American college football season

The 2004 Purdue Boilermakers football team represented Purdue University during the 2004 NCAA Division I-A football season. The team was coached by Joe Tiller and played its home games at Ross–Ade Stadium. Purdue played twelve games in the 2004 season, finishing with a 7–5 record and a loss in the Sun Bowl to Arizona State. The season was Kyle Orton's senior year at Purdue.

==Schedule==

| Date | Time | Opponent | Rank | Site | TV | Result | Attendance |
| September 5 | 1:30 pm | Syracuse* | No. 24 | Ross–Ade Stadium; West Lafayette, IN; | ABC | W 51–0 | 56,827 |
| September 11 | 1:00 pm | Ball State* | No. 25 | Ross–Ade Stadium; West Lafayette, IN; |  | W 59–7 | 64,323 |
| September 25 | 12:00 pm | at Illinois | No. 15 | Memorial Stadium; Champaign, IL (rivalry); | ESPN Plus | W 38–30 | 50,532 |
| October 2 | 2:30 pm | at Notre Dame* | No. 15 | Notre Dame Stadium; Notre Dame, IN (rivalry); | NBC | W 41–16 | 80,795 |
| October 9 | 4:30 pm | at Penn State | No. 9 | Beaver Stadium; University Park, PA; | ESPN | W 20–13 | 108,183 |
| October 16 | 5:30 pm | No. 10 Wisconsin | No. 5 | Ross–Ade Stadium; West Lafayette, IN (College GameDay); | ESPN2 | L 17–20 | 65,196 |
| October 23 | 3:30 pm | No. 13 Michigan | No. 12 | Ross–Ade Stadium; West Lafayette, IN; | ABC | L 14–16 | 65,170 |
| October 30 | 12:00 pm | at Northwestern | No. 17 | Ryan Field; Evanston, IL; | ESPN | L 10–13 | 30,312 |
| November 6 | 3:30 pm | at No. 20 Iowa |  | Kinnick Stadium; Iowa City, IA; | ESPN | L 21–23 | 70,397 |
| November 13 | 3:30 pm | Ohio State |  | Ross–Ade Stadium; West Lafayette, IN; | ESPN | W 24–17 | 64,639 |
| November 20 | 12:00 pm | Indiana |  | Ross–Ade Stadium; West Lafayette, IN (Old Oaken Bucket); | ESPN Plus | W 63–24 | 65,137 |
| December 31 | 2:00 pm | vs. No. 21 Arizona State* |  | Sun Bowl; El Paso, TX (Sun Bowl); | CBS | L 23–27 | 51,288 |
*Non-conference game; Rankings from AP Poll released prior to the game; All times are in Eastern time;

==Game summaries==

===Syracuse===

- Source: ESPN

Optimism abounded toward the Purdue football program coached by Joe Tiller after a terrific '03 season. Although the Boilermakers had 8 defensive starters to replace in 2004 (6 of whom were NFL draft picks), they returned most of their productive offense - including solid Seniors in QB Kyle Orton and catch-machine WR Taylor Stubblefield.
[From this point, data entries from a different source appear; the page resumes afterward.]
(* Let $(\Omega,\mathcal A)$ be a measurable space and let $K$ be a random compact set in $\mathbb C^n$. Then its rationally convex hull, defined by $\omega\mapsto\mathcal R\text{-hull}\,(K(\omega))$, is a random compact set.
   Context: A random compact set is a measurable map from $\Omega$ to the space $\mathcal K'(\mathbb C^n)$ of non-empty compact subsets of $\mathbb C^n$ with the Hausdorff distance and its Borel $\sigma$-algebra. For compact $L$, $\mathcal R\text{-hull}\,L=\{z\in\mathbb C^n:|r(z)|\le\max_{x\in L}|r(x)| \text{ for all rational functions } r \text{ on } \mathbb C^n \text{ analytic (without singularities) on } L\}$. *)

theory Defs
  imports "HOL-Analysis.Analysis"
begin

definition hausdorff_dist :: "'a::metric_space set \<Rightarrow> 'a set \<Rightarrow> real" where
  "hausdorff_dist S T =
     max (SUP x\<in>S. infdist x T) (SUP y\<in>T. infdist y S)"

definition nonempty_compacts :: "'a::metric_space set set" where
  "nonempty_compacts = {S. compact S \<and> S \<noteq> {}}"

definition hausdorff_open :: "'a::metric_space set set \<Rightarrow> bool" where
  "hausdorff_open U \<longleftrightarrow> U \<subseteq> nonempty_compacts \<and>
     (\<forall>S\<in>U. \<exists>e>0. \<forall>T\<in>nonempty_compacts. hausdorff_dist S T < e \<longrightarrow> T \<in> U)"

definition hausdorff_borel :: "'a::metric_space set measure" where
  "hausdorff_borel = sigma nonempty_compacts {U. hausdorff_open U}"

definition cpoly :: "(complex ^ 'n \<Rightarrow> complex) \<Rightarrow> bool" where
  "cpoly f \<longleftrightarrow> (\<exists>(A :: ('n \<Rightarrow> nat) set) (c :: ('n \<Rightarrow> nat) \<Rightarrow> complex). finite A \<and>
      f = (\<lambda>z. \<Sum>\<alpha>\<in>A. c \<alpha> * (\<Prod>i\<in>UNIV. (z $ i) ^ (\<alpha> i))))"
In the first Sunday game played at Ross Ade Stadium, Purdue hosted the Syracuse Orange of the Big East. Despite the hot conditions, the Boilermakers controlled the game on both sides of the ball, defeating Syracuse 51–0.
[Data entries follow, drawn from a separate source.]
(* Let $\sigma=\{\sigma_z\}_{z\in\mathbb{Z}}$ be i.i.d. strictly positive random variables with law $\mathbf{P}$, with $L(x):=1/\mathbf{P}(\sigma_0>x)$ slowly varying at infinity (i.e. $\lim_{u\to\infty}L(uv)/L(u)=1$ for every $v>0$). Let $h_t$ be any function with $h_t\to\infty$, $h_t^2=o(r_t)$, and such that, for all sufficiently large $t$, \[ L(\ell_t/h_t^3)>L(\ell_t)(1-1/h_t)\quad\text{and}\quad L(\ell_th_t^3)<L(\ell_t)(1+1/h_t).\] Then $\mathbf{P}(\mathcal{B}^h_t)\to1$ as $t\to\infty$, where $\mathcal{B}^h_t:=\{m_t>th_t^2/r_t\}$.
   Context: $\ell_t:=\min\{s\ge0: sL(s)\ge t\}$, $r_t:=L(\ell_t)$, $Z^{(1)}_t:=\min\{z\in\mathbb{Z}^+:\sigma_z>\ell_t\}$, $Z^{(2)}_t:=\max\{z\in\mathbb{Z}^-:\sigma_z>\ell_t\}$ (with $\mathbb{Z}^+$ the positive and $\mathbb{Z}^-$ the non-positive integers), $\Gamma_t:=\{Z^{(1)}_t,Z^{(2)}_t\}$ and $m_t:=\min_{z\in\Gamma_t}\sigma_z$. *)

theory Defs
  imports "HOL-Probability.Probability" "HOL-Library.Landau_Symbols"
begin

definition tailL :: "'a measure \<Rightarrow> (int \<Rightarrow> 'a \<Rightarrow> real) \<Rightarrow> real \<Rightarrow> real" where
  "tailL M \<sigma> x = 1 / measure M {\<omega> \<in> space M. \<sigma> 0 \<omega> > x}"

definition ell :: "'a measure \<Rightarrow> (int \<Rightarrow> 'a \<Rightarrow> real) \<Rightarrow> real \<Rightarrow> real" where
  "ell M \<sigma> t = (LEAST s::real. 0 \<le> s \<and> t \<le> s * tailL M \<sigma> s)"

definition rr :: "'a measure \<Rightarrow> (int \<Rightarrow> 'a \<Rightarrow> real) \<Rightarrow> real \<Rightarrow> real" where
  "rr M \<sigma> t = tailL M \<sigma> (ell M \<sigma> t)"

definition Z1 :: "'a measure \<Rightarrow> (int \<Rightarrow> 'a \<Rightarrow> real) \<Rightarrow> real \<Rightarrow> 'a \<Rightarrow> int" where
  "Z1 M \<sigma> t \<omega> = (LEAST z::int. 0 < z \<and> \<sigma> z \<omega> > ell M \<sigma> t)"

definition Z2 :: "'a measure \<Rightarrow> (int \<Rightarrow> 'a \<Rightarrow> real) \<Rightarrow> real \<Rightarrow> 'a \<Rightarrow> int" where
  "Z2 M \<sigma> t \<omega> = (GREATEST z::int. z \<le> 0 \<and> \<sigma> z \<omega> > ell M \<sigma> t)"

definition mt :: "'a measure \<Rightarrow> (int \<Rightarrow> 'a \<Rightarrow> real) \<Rightarrow> real \<Rightarrow> 'a \<Rightarrow> real" where
  "mt M \<sigma> t \<omega> = Min ((\<lambda>z. \<sigma> z \<omega>) ` {Z1 M \<sigma> t \<omega>, Z2 M \<sigma> t \<omega>})"

definition Bh :: "'a measure \<Rightarrow> (int \<Rightarrow> 'a \<Rightarrow> real) \<Rightarrow> (real \<Rightarrow> real) \<Rightarrow> real \<Rightarrow> 'a set" where
  "Bh M \<sigma> h t = {\<omega> \<in> space M. mt M \<sigma> t \<omega> > t * (h t)\<^sup>2 / rr M \<sigma> t}"

end

theory Submission
  imports Defs "HOL-Real_Asymp.Real_Asymp"
begin

text \<open>
  Since \<open>t \<le> \<ell>\<^sub>t r\<^sub>t\<close>, the threshold \<open>t h\<^sub>t\<^sup>2 / r\<^sub>t\<close> lies below \<open>y = \<ell>\<^sub>t h\<^sub>t\<^sup>3\<close>, so it suffices that
  \<open>\<sigma>\<close> at the first exceedance of \<open>\<ell>\<^sub>t\<close> on either side of the origin is unlikely to be at most \<open>y\<close>.
  Look at the \<open>N \<approx> \<surd>h\<^sub>t / P(\<sigma>\<^sub>0 > \<ell>\<^sub>t)\<close> sites nearest to the origin on that side: by
  independence none of them exceeds \<open>\<ell>\<^sub>t\<close> with probability at most \<open>exp (- \<surd>h\<^sub>t)\<close>, and by the upper
  bound on \<open>L(\<ell>\<^sub>t h\<^sub>t\<^sup>3)\<close> each of them lands in \<open>(\<ell>\<^sub>t, y]\<close> with probability at most
  \<open>P(\<sigma>\<^sub>0 > \<ell>\<^sub>t) / (h\<^sub>t + 1)\<close>, which gives the union bound \<open>(\<surd>h\<^sub>t + 1) / (h\<^sub>t + 1)\<close>.
  Slow variation is used only to see that \<open>\<sigma>\<^sub>0\<close> has unbounded support.
\<close>

lemma Least_pos_int_eq:
  fixes P :: "int \<Rightarrow> bool"
  assumes "\<exists>z>0. P z"
  shows "(LEAST z. 0 < z \<and> P z) = int (LEAST n. 0 < n \<and> P (int n))"
proof (rule Least_equality)
  from assms obtain z where "0 < z" "P z" by blast
  then have ex: "\<exists>n. 0 < n \<and> P (int n)" by (intro exI[of _ "nat z"]) simp
  show "0 < int (LEAST n. 0 < n \<and> P (int n)) \<and> P (int (LEAST n. 0 < n \<and> P (int n)))"
    using LeastI_ex[OF ex] by simp
  fix y assume "0 < y \<and> P y"
  then have "(LEAST n. 0 < n \<and> P (int n)) \<le> nat y" by (intro Least_le) simp
  with \<open>0 < y \<and> P y\<close> show "int (LEAST n. 0 < n \<and> P (int n)) \<le> y" by linarith
qed

lemma Greatest_nonpos_int_eq:
  fixes P :: "int \<Rightarrow> bool"
  assumes "\<exists>z\<le>0. P z"
  shows "(GREATEST z. z \<le> 0 \<and> P z) = - int (LEAST n. P (- int n))"
proof (rule Greatest_equality)
  from assms obtain z where "z \<le> 0" "P z" by blast
  then have ex: "\<exists>n. P (- int n)" by (intro exI[of _ "nat (- z)"]) simp
  show "- int (LEAST n. P (- int n)) \<le> 0 \<and> P (- int (LEAST n. P (- int n)))"
    using LeastI_ex[OF ex] by simp
  fix y assume "y \<le> 0 \<and> P y"
  then have "(LEAST n. P (- int n)) \<le> nat (- y)" by (intro Least_le) simp
  with \<open>y \<le> 0 \<and> P y\<close> show "y \<le> - int (LEAST n. P (- int n))" by linarith
qed

lemma Least_pos_int:
  fixes P :: "int \<Rightarrow> bool"
  assumes "0 < z" "P z"
  shows "0 < (LEAST z. 0 < z \<and> P z)" "P (LEAST z. 0 < z \<and> P z)" "(LEAST z. 0 < z \<and> P z) \<le> z"
proof -
  have ex: "\<exists>n. 0 < n \<and> P (int n)" using assms by (intro exI[of _ "nat z"]) simp
  have le: "(LEAST n. 0 < n \<and> P (int n)) \<le> nat z" using assms by (intro Least_le) simp
  have "(LEAST z. 0 < z \<and> P z) = int (LEAST n. 0 < n \<and> P (int n))"
    using assms by (intro Least_pos_int_eq) auto
  then show "0 < (LEAST z. 0 < z \<and> P z)" "P (LEAST z. 0 < z \<and> P z)" "(LEAST z. 0 < z \<and> P z) \<le> z"
    using assms le LeastI_ex[OF ex] by auto
qed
Orton and the Purdue offense shook off a slow start (and a missed Ben Jones FG) to compile 571 yards of turnover-free offense, highlighted by 4 long Orton TD passes in a 16–30; 287 yard performance. Even reserve QB Brandon Kirsch - playing for the first time since 2002 - got in on the rout by engineering 2 4th-quarter TD drives including a 47-yard TD pass to freshman TE Dustin Keller.

On the flipside, the new-look Purdue defense was terrific in holding first-time starting QB Joe Fields and the Syracuse offense to 197 total yards, 3 turnovers, and most impressively - 0 points. Fields also got no help from his running game, as acclaimed RBs Walter Reyes and Damien Rhodes combined for only 36 yards on 17 carries.
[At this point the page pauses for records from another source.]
lemma ln_kernel_integral_le:
  fixes f :: "'a::euclidean_space \<Rightarrow> real"
  assumes int: "integrable lborel f" and cont: "continuous_on UNIV f"
    and nonneg_inside: "\<And>y. norm y < 1 \<Longrightarrow> 0 \<le> f y"
    and nonpos_outside: "\<And>y. 1 \<le> norm y \<Longrightarrow> f y \<le> 0"
    and x: "2 \<le> norm x"
  shows "(LINT y|lborel. ln (norm y / norm (x - y)) * f y) + ln (norm x) * (LINT y|lborel. f y)
    \<le> ln 2 * (LINT y|lborel. \<bar>f y\<bar>)"
proof -
  have kernel_int: "integrable lborel (\<lambda>y. ln (norm y / norm (x - y)) * f y)"
    using int cont by (rule integrable_ln_kernel)
  have pointwise: "(ln (norm y / norm (x - y)) + ln (norm x)) * f y \<le> ln 2 * \<bar>f y\<bar>"
    if "y \<noteq> 0" for y
  proof (cases "norm y < 1")
    case True
    then show ?thesis
      using mult_right_mono[OF ln_kernel_le_ln2_near_origin[OF x that] nonneg_inside[OF True]]
        nonneg_inside[OF True] by simp
  next
    case False
    then show ?thesis
      using mult_right_mono_neg[OF ln_kernel_ge_neg_ln2_off_unit_ball[of x y] nonpos_outside[of y]] x
        nonpos_outside[of y] by simp
  qed
  have "(LINT y|lborel. ln (norm y / norm (x - y)) * f y) + ln (norm x) * (LINT y|lborel. f y)
      = (LINT y|lborel. (ln (norm y / norm (x - y)) + ln (norm x)) * f y)"
    using kernel_int int by (simp add: distrib_right)
  also have "\<dots> \<le> (LINT y|lborel. ln 2 * \<bar>f y\<bar>)"
    using AE_lborel_singleton[of 0] kernel_int int pointwise
    by (intro integral_mono_AE) (auto simp: distrib_right elim!: AE_mp)
  also have "\<dots> = ln 2 * (LINT y|lborel. \<bar>f y\<bar>)" by simp
  finally show ?thesis .
qed

lemma Ck_imp_continuous_on: "Ck k f \<Longrightarrow> continuous_on UNIV f"
  by (cases k) (auto intro: differentiable_imp_continuous_on)

theorem lemma3p1:
  fixes p :: real and u :: "real^4 \<Rightarrow> real"
  assumes "p > 0"
    and "Ck 4 u"
    and "\<forall>x. bilaplacian u x = (1 - norm x powr p) * exp (4 * u x)"
    and "integrable lborel (\<lambda>x. (1 - norm x powr p) * exp (4 * u x))"
  shows "\<exists>C. \<forall>x::real^4. norm x \<ge> 4 \<longrightarrow>
           (1 / (8 * pi\<^sup>2)) * (LINT y|lborel. ln (norm y / norm (x - y)) * ((1 - norm y powr p) * exp (4 * u y)))
           \<le> - (LINT y|lborel. (1 - norm y powr p) * exp (4 * u y)) / (8 * pi\<^sup>2) * ln (norm x) + C"
proof -
  define f where "f y = (1 - norm y powr p) * exp (4 * u y)" for y :: "real^4"
  have "continuous_on UNIV f"
    unfolding f_def using Ck_imp_continuous_on[OF assms(2)] \<open>p > 0\<close>
    by (intro continuous_intros continuous_on_powr') auto
  moreover have "0 \<le> f y" if "norm y < 1" for y
    using powr_le1[of p "norm y"] that \<open>p > 0\<close> by (simp add: f_def)
  moreover have "f y \<le> 0" if "1 \<le> norm y" for y
    using ge_one_powr_ge_zero[OF that, of p] \<open>p > 0\<close> by (simp add: f_def mult_nonpos_nonneg)
  ultimately have "(LINT y|lborel. ln (norm y / norm (x - y)) * f y) + ln (norm x) * (LINT y|lborel. f y)
      \<le> ln 2 * (LINT y|lborel. \<bar>f y\<bar>)" if "4 \<le> norm x" for x
    using assms(4) that by (intro ln_kernel_integral_le) (auto simp: f_def[abs_def])
  then have "(1 / (8 * pi\<^sup>2)) * (LINT y|lborel. ln (norm y / norm (x - y)) * f y)
      \<le> - (LINT y|lborel. f y) / (8 * pi\<^sup>2) * ln (norm x) + ln 2 * (LINT y|lborel. \<bar>f y\<bar>) / (8 * pi\<^sup>2)"
    if "4 \<le> norm x" for x
    using that by (simp add: field_simps)
  then show ?thesis unfolding f_def by blast
qed

end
| Team | 1 | 2 | 3 | 4 | Total |
|---|---|---|---|---|---|
| Orange | 0 | 0 | 0 | 0 | 0 |
| • No. 25 Boilermakers | 14 | 6 | 17 | 14 | 51 |

===Ball State===

Purdue continued its outstanding start to 2004, improving to 2–0 by blasting the MAC's Ball State Cardinals 59–7. The Boilermakers did the majority of the damage in an incredible first half that sent them to the locker room with a 45–0 advantage.

Kyle Orton performed phenomenally – 23–26; 329 yards and 5 TDs – in guiding the Purdue offense to 599 yards, 34 first downs and no turnovers. WR Taylor Stubblefield had 3 TD catches. And the Purdue defense had another superb game, holding the Cardinals' offense to 197 total yards and nearly pitching another shutout until Ball State got on the board midway through the 4th quarter.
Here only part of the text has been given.